# First Day Swimming in Deep Water



## luv2laugh (Oct 6, 2011)

He's a bit uncoordinated, but had a lot of fun. It took about 20 minutes before he joined the other dogs. 

http://www.youtube.com/watch?v=y4TOuRYgDgU&list=UUBiWO3i_k7AKEpski0WZsuA&index=2&feature=plcp


----------



## hobbsy1010 (Jun 4, 2011)

Luv2laugh, you got to love that that front 'Leg Action' ;D ;D

That's some 'Wake Wave' he's got going on 

He really looks like he's enjoying it and wants to show you how good he is!!

Good Times 

Hobbsy


----------



## OttosMama (Oct 27, 2011)

That is ADORABLE! Good for Oso!!!


----------



## texasred (Jan 29, 2012)

Looks like he's having a blast.


----------



## harrigab (Aug 21, 2011)

Brilliant!! ;D


----------



## laurita (Jun 12, 2011)

He moves pretty quickly! That made me laugh. I checked out some of your other videos while I was on youtube and loved the tug of the war with the chihuahua!
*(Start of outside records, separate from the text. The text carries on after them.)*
(* Let $\mathcal{A}$ be a commutative unital complex Banach algebra. An element $a=(a_n)_{n\in\mathbb N}\in\ell^1(\mathbb{N},\mathcal{A})$ is invertible in $\ell^1(\mathbb{N},\mathcal{A})$ if and only if $\widehat{a}(\chi)=\sum_{n\in\mathbb{N}} a_n\chi(n)$ is invertible in $\mathcal{A}$ for every $\chi\in\widehat{\mathbb{N}}$.
   Context: $\ell^1(\mathbb N,\mathcal A)$ is the set of sequences $(a_n)_{n\in\mathbb N}$ in $\mathcal A$ with $\sum_n\|a_n\|<\infty$, a unital Banach algebra under the Dirichlet convolution $(a\star b)_n=\sum_{k,l\in\mathbb N,\,kl=n}a_kb_l$. Regarding $\mathbb N$ as a semigroup under multiplication, a semicharacter is a nonzero bounded map $\chi:\mathbb N\to\mathbb C$ with $\chi(mn)=\chi(m)\chi(n)$ for all $m,n\in\mathbb N$; $\widehat{\mathbb N}$ denotes the set of all semicharacters. *)

theory Defs
  imports "HOL-Analysis.Analysis"
begin

text \<open>Complex normed unital algebras: a real normed unital algebra equipped with a
  compatible complex scalar multiplication (the library has no complex vector space class).\<close>
class complex_normed_algebra_1 = real_normed_algebra_1 +
  fixes scaleC :: "complex \<Rightarrow> 'a \<Rightarrow> 'a"
  assumes scaleC_add_right: "scaleC c (x + y) = scaleC c x + scaleC c y"
    and scaleC_add_left: "scaleC (c + d) x = scaleC c x + scaleC d x"
    and scaleC_scaleC: "scaleC c (scaleC d x) = scaleC (c * d) x"
    and scaleC_one: "scaleC 1 x = x"
    and scaleC_of_real: "scaleC (complex_of_real r) x = scaleR r x"
    and norm_scaleC: "norm (scaleC c x) = cmod c * norm x"
    and mult_scaleC_left: "scaleC c x * y = scaleC c (x * y)"
    and mult_scaleC_right: "x * scaleC c y = scaleC c (x * y)"

text \<open>The index set \<open>\<nat> = {1,2,...}\<close> is rendered as \<open>{1..} :: nat set\<close>; elements of
  \<open>\<ell>\<^sup>1(\<nat>,A)\<close> are functions \<open>nat \<Rightarrow> 'a\<close> vanishing at the dummy index 0.\<close>
definition l1 :: "(nat \<Rightarrow> 'a::real_normed_vector) set" where
  "l1 = {a. a 0 = 0 \<and> (\<lambda>n. norm (a n)) summable_on {1..}}"

definition dconv :: "(nat \<Rightarrow> 'a::comm_ring_1) \<Rightarrow> (nat \<Rightarrow> 'a) \<Rightarrow> nat \<Rightarrow> 'a" where
  "dconv a b n = (if n = 0 then 0 else (\<Sum>(k,l)\<in>{(k,l). k * l = n}. a k * b l))"

definition dunit :: "nat \<Rightarrow> 'a::comm_ring_1" where
  "dunit n = (if n = 1 then 1 else 0)"

definition l1_invertible :: "(nat \<Rightarrow> 'a::{real_normed_vector,comm_ring_1}) \<Rightarrow> bool" where
  "l1_invertible a \<longleftrightarrow> (\<exists>b\<in>l1. dconv a b = dunit \<and> dconv b a = dunit)"

text \<open>Semicharacters of the multiplicative semigroup \<open>\<nat> = {1,2,...}\<close> (values at 0 are irrelevant).\<close>
definition semicharacter :: "(nat \<Rightarrow> complex) \<Rightarrow> bool" where
  "semicharacter chi \<longleftrightarrow> (\<exists>n\<ge>1. chi n \<noteq> 0) \<and> (\<exists>B. \<forall>n\<ge>1. cmod (chi n) \<le> B)
     \<and> (\<forall>m n. m \<ge> 1 \<longrightarrow> n \<ge> 1 \<longrightarrow> chi (m * n) = chi m * chi n)"
(* Let $X$ be a path-connected Hausdorff space and let $m,l\in X$. Then the lion has a strategy in $X$ for the starting points $m$ (man) and $l$ (lion).
   Context: For a topological space $X$ and $x\in X$, let $P_x(X)$ be the set of continuous maps $\gamma:[0,+\infty)\to X$ with $\gamma(0)=x$. For $\gamma\in P_x(X)$ and $t\ge 0$, write $\gamma_{<t}=\gamma|_{[0,t)}$ and $\gamma_{\le t}=\gamma|_{[0,t]}$. Given starting points $m$ (man) and $l$ (lion) in $X$, a strategy for the lion is a function $S:P_m(X)\to P_l(X)$ such that (i) for each $\alpha\in P_m(X)$ there exists $t\ge 0$ with $S(\alpha)(t)=\alpha(t)$; and (ii) (no-lookahead rule) whenever $\alpha,\alpha'\in P_m(X)$ and $t\ge0$ satisfy $\alpha_{<t}=\alpha'_{<t}$, then $S(\alpha)_{\le t}=S(\alpha')_{\le t}$. *)

theory Defs
  imports "HOL-Analysis.Analysis"
begin

text \<open>P_x(X): continuous maps [0,+inf) -> X starting at x. A map is represented by a
  total function real => 'a; only its values on [0,+inf) matter.\<close>
definition paths_from :: "'a topology \<Rightarrow> 'a \<Rightarrow> (real \<Rightarrow> 'a) set" where
  "paths_from X x = {\<gamma>. continuous_map (top_of_set {0..}) X \<gamma> \<and> \<gamma> 0 = x}"

definition lion_strategy ::
  "'a topology \<Rightarrow> 'a \<Rightarrow> 'a \<Rightarrow> ((real \<Rightarrow> 'a) \<Rightarrow> (real \<Rightarrow> 'a)) \<Rightarrow> bool" where
  "lion_strategy X m l S \<longleftrightarrow>
     (\<forall>\<alpha>\<in>paths_from X m. S \<alpha> \<in> paths_from X l) \<and>
     (\<forall>\<alpha>\<in>paths_from X m. \<exists>t\<ge>0. S \<alpha> t = \<alpha> t) \<and>
     (\<forall>\<alpha>\<in>paths_from X m. \<forall>\<alpha>'\<in>paths_from X m. \<forall>t\<ge>0.
        (\<forall>s\<in>{0..<t}. \<alpha> s = \<alpha>' s) \<longrightarrow> (\<forall>s\<in>{0..t}. S \<alpha> s = S \<alpha>' s))"

end

theory Submission
  imports Defs
begin

text \<open>During [0,1] the lion walks along a path from l to m, so at time 1 it stands where the
  man started. Afterwards it replays the man's path at the reparametrised time
  min t (2t - 2): it lags behind until time 2 and from then on coincides with the man.
  The lag makes the strategy non-anticipating; at times t \<ge> 2 the lion uses the man's
  present position, which is determined by his past by continuity since X is Hausdorff.\<close>

definition delayed_chase :: "(real \<Rightarrow> 'a) \<Rightarrow> (real \<Rightarrow> 'a) \<Rightarrow> real \<Rightarrow> 'a" where
  "delayed_chase p \<alpha> t = (if t \<le> 1 then p t else \<alpha> (min t (2 * t - 2)))"

lemma continuous_map_eq_at_right_end:
  assumes "Hausdorff_space X"
    and "continuous_map (top_of_set {0..}) X \<alpha>" "continuous_map (top_of_set {0..}) X \<beta>"
    and "\<forall>s\<in>{0..<t}. \<alpha> s = \<beta> s" and "(t::real) > 0"
  shows "\<alpha> t = \<beta> t"
proof (rule forall_in_closure_of_eq[OF _ assms(1-3)])
  have "{0..} \<inter> {0..<t} = {0..<t}" by auto
  then show "t \<in> top_of_set {0..} closure_of {0..<t}"
    using \<open>t > 0\<close> by (simp add: closure_of_subtopology closure_atLeastLessThan)
qed (use assms(4) in blast)

lemma delayed_chase_in_paths_from:
  assumes "pathin X p" "p 0 = l" "p 1 = m" and \<alpha>: "\<alpha> \<in> paths_from X m"
  shows "delayed_chase p \<alpha> \<in> paths_from X l"
proof -
  have \<alpha>_cont: "continuous_map (top_of_set {0..}) X \<alpha>" and "\<alpha> 0 = m"
    using \<alpha> by (auto simp: paths_from_def)
  have on_unit: "{x. x \<in> topspace (top_of_set {0::real..}) \<and> id x \<le> 1} = {0..1}"
    and on_tail: "{x. x \<in> topspace (top_of_set {0::real..}) \<and> 1 \<le> id x} = {1..}"
    by auto
  have delay: "continuous_map (top_of_set {1..}) (top_of_set {0::real..}) (\<lambda>t. min t (2 * t - 2))"
    by (auto simp: continuous_map_in_subtopology intro!: continuous_intros)
  have "continuous_map (top_of_set {0..}) X
          (\<lambda>t. if id t \<le> 1 then p t else \<alpha> (min t (2 * t - 2)))"
  proof (rule continuous_map_cases_le)
    show "continuous_map (subtopology (top_of_set {0..})
            {x. x \<in> topspace (top_of_set {0..}) \<and> id x \<le> 1}) X p"
      using assms(1) unfolding on_unit pathin_def by (simp add: subtopology_subtopology)
    show "continuous_map (subtopology (top_of_set {0..})
            {x. x \<in> topspace (top_of_set {0..}) \<and> 1 \<le> id x}) X (\<lambda>t. \<alpha> (min t (2 * t - 2)))"
      unfolding on_tail subtopology_subtopology
      using continuous_map_compose[OF delay \<alpha>_cont] by (simp add: o_def Int_absorb1)
  qed (use assms(3) \<open>\<alpha> 0 = m\<close> in auto)
  then show ?thesis
    using assms(2) by (simp add: paths_from_def delayed_chase_def[abs_def])
qed

lemma delayed_chase_catches: "delayed_chase p \<alpha> 2 = \<alpha> 2"
  by (simp add: delayed_chase_def)

lemma delayed_chase_no_lookahead:
  assumes "Hausdorff_space X" and \<alpha>: "\<alpha> \<in> paths_from X m" and \<alpha>': "\<alpha>' \<in> paths_from X m"
    and agree: "\<forall>s\<in>{0..<t}. \<alpha> s = \<alpha>' s" and s: "s \<in> {0..t}"
  shows "delayed_chase p \<alpha> s = delayed_chase p \<alpha>' s"
proof (cases "s \<le> 1")
  case False
  define u where "u = min s (2 * s - 2)"
  have u: "0 \<le> u" "u \<le> t"
    using False s by (auto simp: u_def)
  have "\<alpha> u = \<alpha>' u"
  proof (cases "u < t")
    case False
    with u have "u = t" by simp
    with u \<open>\<not> s \<le> 1\<close> have "t > 0" by (auto simp: u_def)
    with \<alpha> \<alpha>' show ?thesis
      unfolding \<open>u = t\<close> paths_from_def
      by (auto intro: continuous_map_eq_at_right_end[OF assms(1) _ _ agree])
  qed (use agree u in auto)
  with False show ?thesis by (simp add: delayed_chase_def u_def)
qed (simp add: delayed_chase_def)

theorem mainTheorem1:
  fixes X :: "'a topology" and m l :: 'a
  assumes "path_connected_space X" and "Hausdorff_space X"
    and "m \<in> topspace X" and "l \<in> topspace X"
  shows "\<exists>S. lion_strategy X m l S"
proof -
  obtain p where p: "pathin X p" "p 0 = l" "p 1 = m"
    using assms unfolding path_connected_space_def by blast
  have "lion_strategy X m l (delayed_chase p)"
    unfolding lion_strategy_def
  proof (intro conjI ballI allI impI)
    show "\<exists>t\<ge>0. delayed_chase p \<alpha> t = \<alpha> t" for \<alpha>
      using delayed_chase_catches by (intro exI[of _ 2]) auto
  qed (auto intro: delayed_chase_in_paths_from[OF p] delayed_chase_no_lookahead[OF assms(2)])
  then show ?thesis by blast
qed

end
lemma fps_zero_below_X_mult:
  fixes f :: "'a::comm_ring_1 fps"
  shows "fps_zero_below n f \<Longrightarrow> fps_zero_below (Suc n) (fps_X * f)"
  by (auto simp: fps_zero_below_def fps_X_mult_nth)

lemma fps_zero_below_X_mult_deriv:
  fixes f :: "'a::comm_ring_1 fps"
  shows "fps_zero_below n f \<Longrightarrow> fps_zero_below n (fps_X * fps_deriv f)"
  by (auto simp: fps_zero_below_def)

lemma fps_zero_below_pderiv: "fps_zero_below n f \<Longrightarrow> fps_zero_below n (fps_pderiv f)"
  by (auto simp: fps_zero_below_def)

lemma fps_zero_below_diff:
  fixes f g :: "'a::comm_ring_1 fps"
  shows "fps_zero_below n f \<Longrightarrow> fps_zero_below n g \<Longrightarrow> fps_zero_below n (f - g)"
  by (auto simp: fps_zero_below_def)

lemma fps_eq_0_if_contraction:
  fixes v W :: "'a::idom poly fps"
  assumes v0: "v $ 0 = 1"
    and W: "W = fps_X * (v * (fps_X * fps_deriv W)) - fps_X * ((v - 1) * W)
              - fps_X * (v * fps_pderiv W) - (v - 1) * W"
  shows "W = 0"
proof -
  have "fps_zero_below n W" for n
  proof (induction n)
    case 0
    then show ?case by (simp add: fps_zero_below_def)
  next
    case (Suc n)
    have "(v - 1) $ 0 = 0" using v0 by simp
    with Suc have "fps_zero_below (Suc n) (fps_X * (v * (fps_X * fps_deriv W))
        - fps_X * ((v - 1) * W) - fps_X * (v * fps_pderiv W) - (v - 1) * W)"
      by (intro fps_zero_below_diff fps_zero_below_X_mult fps_zero_below_mult
            fps_zero_below_X_mult_deriv fps_zero_below_pderiv fps_zero_below_mult_Suc)
    with W show ?case by simp
  qed
  then show ?thesis
    by (intro fps_ext) (auto simp: fps_zero_below_def)
qed

text \<open>Here W, DW, TW stand for W, \<open>\<partial>\<^sub>y W\<close>, \<open>\<partial>\<^sub>X W\<close>; a, b, c, d for \<open>\<partial>\<^sub>y v\<close>, \<open>\<partial>\<^sub>X v\<close>, \<open>\<partial>\<^sub>y\<^sup>2 v\<close>, \<open>\<partial>\<^sub>X \<partial>\<^sub>y v\<close>;
  lY, lT for \<open>\<partial>\<^sub>y L\<close>, \<open>\<partial>\<^sub>X L\<close>.\<close>

lemma residual_contraction_identity:
  fixes X v a b c d W DW TW Y L lY lT :: "'a::idom"
  assumes W1: "W = X * X * b - X * v - X * a + a" and W2: "W = v + a - 1 - X * (Y + L)"
    and D1: "DW = X * X * d - X * a - X * c + c" and D2: "DW = a + c - X * (1 + lY)"
    and T: "TW = b + d - (Y + L) - X * lT" and LY: "v * lY = a" and LT: "v * lT = b"
  shows "W = X * (v * (X * TW)) - X * ((v - 1) * W) - X * (v * DW) - (v - 1) * W"
proof -
  have "X * X * v * TW = (v + X * v - X) * W + X * v * DW"
    using assms by algebra
  then show ?thesis by algebra
qed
Oso is such a gentle giant!


----------



## R E McCraith (Nov 24, 2011)

Great Vid-PIKE swam like that the first week then found out if he used his back paws he could swim like a Lab


----------



## luv2laugh (Oct 6, 2011)

Thanks guys, it was sooo cute. Love sharing this stuff with my fellow V owners. We went to the beach last night and he ran right into the water.

Actually, maybe I'll post pictures... 

R. E. McCraith, that's good to know about the back legs. I'm sure Oso will figure it out eventually.


----------



## harrigab (Aug 21, 2011)

I'm hoping that when we go away at Easter the other two WHV's and the GWP will give Ruby some swimming lessons


----------